Question function spaces

Question

Let $I\subseteq \mathbb{R}$ be an open interval and define $C^{n}_{b}(I):=\{f \in C(I): f \text{ n-times cont. differentiable and } \lvert \lvert f \rvert \rvert_{n, \infty} < \infty\}$, where $\lvert \lvert f \rvert \rvert_{n, \infty}:=\sum_{i=0}^{n}\lvert \lvert f^{(i)} \rvert \rvert_{\infty}$. Show that $$a)\text{ }(C^{1}_{b}(I),\lvert \lvert f \rvert \rvert_{1, \infty}) \text{ is complete} \\ b) \text{ } (C^{n}_{b}(I),\lvert \lvert f \rvert \rvert_{\infty}) \text{ is not complete for } n \geq 2.$$ Assume w.l.o.g. that $0 \in I$. My approach for b) is to define $f_{m}(x):=(x^{2}+\frac{1}{m})^{n-\frac{1}{2}}$. Then $f_{m} \in C^{n}_{b}(I)$ and $f_{m} \rightarrow f$, whose is defined as $f(x):=(x^{2})^{n-\frac{1}{2}}$, which n-th derivative doesn't exist at $0$. Is that right? Concerning a) im clueless...could anyone help?

Answer 1

I'm missing something - they all look complete. (Oh: I read it wrong. Part (b) does not say that $(C^n_b,||\cdot||_{C^n_b}$ is not complete!)

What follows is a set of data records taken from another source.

(* Let $V=\mathbb{C}^n$ be the defining representation of $GL_n(\mathbb{C})$ and $k_1,\dots,k_m\ge 0$. Let $\mu=(\mu_1,\dots,\mu_\ell)$ be a partition of $k_1+\dots+k_m$ with at most $n$ parts. Then the dimension of the space of $S_n$-invariants in the symmetrized weight space $(\mathrm{Sym}^{k_1}(V)\otimes\dots\otimes\mathrm{Sym}^{k_m}(V))_{\bar\mu}$ equals the number of multiset partitions of $\{1^{k_1},2^{k_2},\dots,m^{k_m}\}$ with parts of sizes $\mu_1,\dots,\mu_\ell$. In particular, the dimension of the space of $S_n$-invariants in $\mathrm{Sym}^{k_1}(V)\otimes\dots\otimes\mathrm{Sym}^{k_m}(V)$ equals the number of multiset partitions of $\{1^{k_1},2^{k_2},\dots,m^{k_m}\}$ with at most $n$ parts.
   Context: $S_n\subset GL_n(\mathbb{C})$ is the subgroup of permutation matrices and $T$ the diagonal torus. For a representation $W$ of $GL_n$ and a weight $\mu$ of $T$ (here $\mu$ is padded with zeros to length $n$), the symmetrized weight space $W_{\bar\mu}$ is the direct sum of the $T$-weight spaces of $W$ for all weights in the $S_n$-orbit of $\mu$; it is stable under $S_n$. A multiset partition of a multiset $M$ is a multiset of nonempty sub-multisets (parts) of $M$ whose multiplicities add up to those of $M$; the size of a part is its cardinality counted with multiplicity. $\{1^{k_1},\dots,m^{k_m}\}$ is the multiset containing $i$ with multiplicity $k_i$. *)

theory Defs
  imports Complex_Main "HOL-Library.Function_Algebras" "HOL-Library.Multiset"
    "HOL-Combinatorics.Permutations"
begin

text \<open>Variables x_{j,i} (j < m block index, i < n coordinate index).
  Sym^{k_1}(V) \<otimes> ... \<otimes> Sym^{k_m}(V) is the space of polynomials in the x_{j,i}
  that are homogeneous of degree k_j in block j; it has the basis of monomials,
  encoded by exponent functions e j i.  A vector is a complex-valued function on
  exponent functions that vanishes off the set of admissible monomials.\<close>

definition monoms :: "nat \<Rightarrow> nat list \<Rightarrow> (nat \<Rightarrow> nat \<Rightarrow> nat) set" where
  "monoms n ks = {e. (\<forall>j i. (length ks \<le> j \<or> n \<le> i) \<longrightarrow> e j i = 0) \<and>
                     (\<forall>j < length ks. (\<Sum>i<n. e j i) = ks ! j)}"

definition tensor_sym :: "nat \<Rightarrow> nat list \<Rightarrow> ((nat \<Rightarrow> nat \<Rightarrow> nat) \<Rightarrow> complex) set" where
  "tensor_sym n ks = {f. \<forall>e. e \<notin> monoms n ks \<longrightarrow> f e = 0}"

text \<open>T-weight of a monomial: t = diag(t_0,...,t_{n-1}) acts on x_{j,i} by t_i.\<close>
definition mweight :: "nat list \<Rightarrow> (nat \<Rightarrow> nat \<Rightarrow> nat) \<Rightarrow> (nat \<Rightarrow> nat)" where
  "mweight ks e = (\<lambda>i. \<Sum>j<length ks. e j i)"

definition pad :: "nat list \<Rightarrow> nat \<Rightarrow> nat" where
  "pad \<mu> = (\<lambda>i. if i < length \<mu> then \<mu> ! i else 0)"

definition weight_orbit :: "nat \<Rightarrow> (nat \<Rightarrow> nat) \<Rightarrow> (nat \<Rightarrow> nat) set" where
  "weight_orbit n w = {w \<circ> \<sigma> | \<sigma>. \<sigma> permutes {..<n}}"

definition sym_weight_space ::
  "nat \<Rightarrow> nat list \<Rightarrow> nat list \<Rightarrow> ((nat \<Rightarrow> nat \<Rightarrow> nat) \<Rightarrow> complex) set" where
  "sym_weight_space n ks \<mu> = {f \<in> tensor_sym n ks.
      \<forall>e. f e \<noteq> 0 \<longrightarrow> mweight ks e \<in> weight_orbit n (pad \<mu>)}"

text \<open>Action of a permutation matrix: x_{j,i} \<mapsto> x_{j,\<sigma> i} on monomials.\<close>
definition perm_act ::
  "(nat \<Rightarrow> nat) \<Rightarrow> ((nat \<Rightarrow> nat \<Rightarrow> nat) \<Rightarrow> complex) \<Rightarrow> ((nat \<Rightarrow> nat \<Rightarrow> nat) \<Rightarrow> complex)" where
  "perm_act \<sigma> f = (\<lambda>e. f (\<lambda>j i. e j (\<sigma> i)))"

definition Sn_invariants ::
  "nat \<Rightarrow> ((nat \<Rightarrow> nat \<Rightarrow> nat) \<Rightarrow> complex) set \<Rightarrow> ((nat \<Rightarrow> nat \<Rightarrow> nat) \<Rightarrow> complex) set" where
  "Sn_invariants n W = {f \<in> W. \<forall>\<sigma>. \<sigma> permutes {..<n} \<longrightarrow> perm_act \<sigma> f = f}"

definition cdim :: "('a \<Rightarrow> complex) set \<Rightarrow> nat" where
  "cdim W = vector_space.dim (\<lambda>c f. (\<lambda>x. c * f x)) W"

definition base_mset :: "nat list \<Rightarrow> nat multiset" where
  "base_mset ks = (\<Sum>j<length ks. replicate_mset (ks ! j) (j + 1))"

definition is_mset_partition :: "nat multiset multiset \<Rightarrow> nat multiset \<Rightarrow> bool" where
  "is_mset_partition P M \<longleftrightarrow> {#} \<notin># P \<and> sum_mset P = M"

definition is_partition :: "nat list \<Rightarrow> bool" where
  "is_partition \<mu> \<longleftrightarrow> sorted_wrt (\<ge>) \<mu> \<and> (\<forall>x\<in>set \<mu>. 0 < x)"

end

theory Submission
  imports Defs "HOL-Library.Indicator_Function"
begin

Calculus Lemma If $f_n$ is differentiable, $f_n'\to g$ uniformly and $f_n\to f$ pointwise then $f$ is differentiable, with $f'=g$.

(We only need that for continuously differentiable functions, in which case it's clear from the Fundamental Theorem of Calculus.)

Now say $(f_n)$ is Cauchy in $C^2_b$. In particular, all three sequences $(f_n), (f'_n)$ and $(f''_n)$ are uniformly Cauchy. So we have $f_n\to f$ uniformly, $f_n'\to g$ uniformly and $f_n''\to h$ uniformly. Now the lemma shows that $g=f'$ and $h=g'=f''$, so $f\in C^2_b$, and in fact $f_n\to f$ in the $C^2_b$ norm. So $C^2_b$ is complete.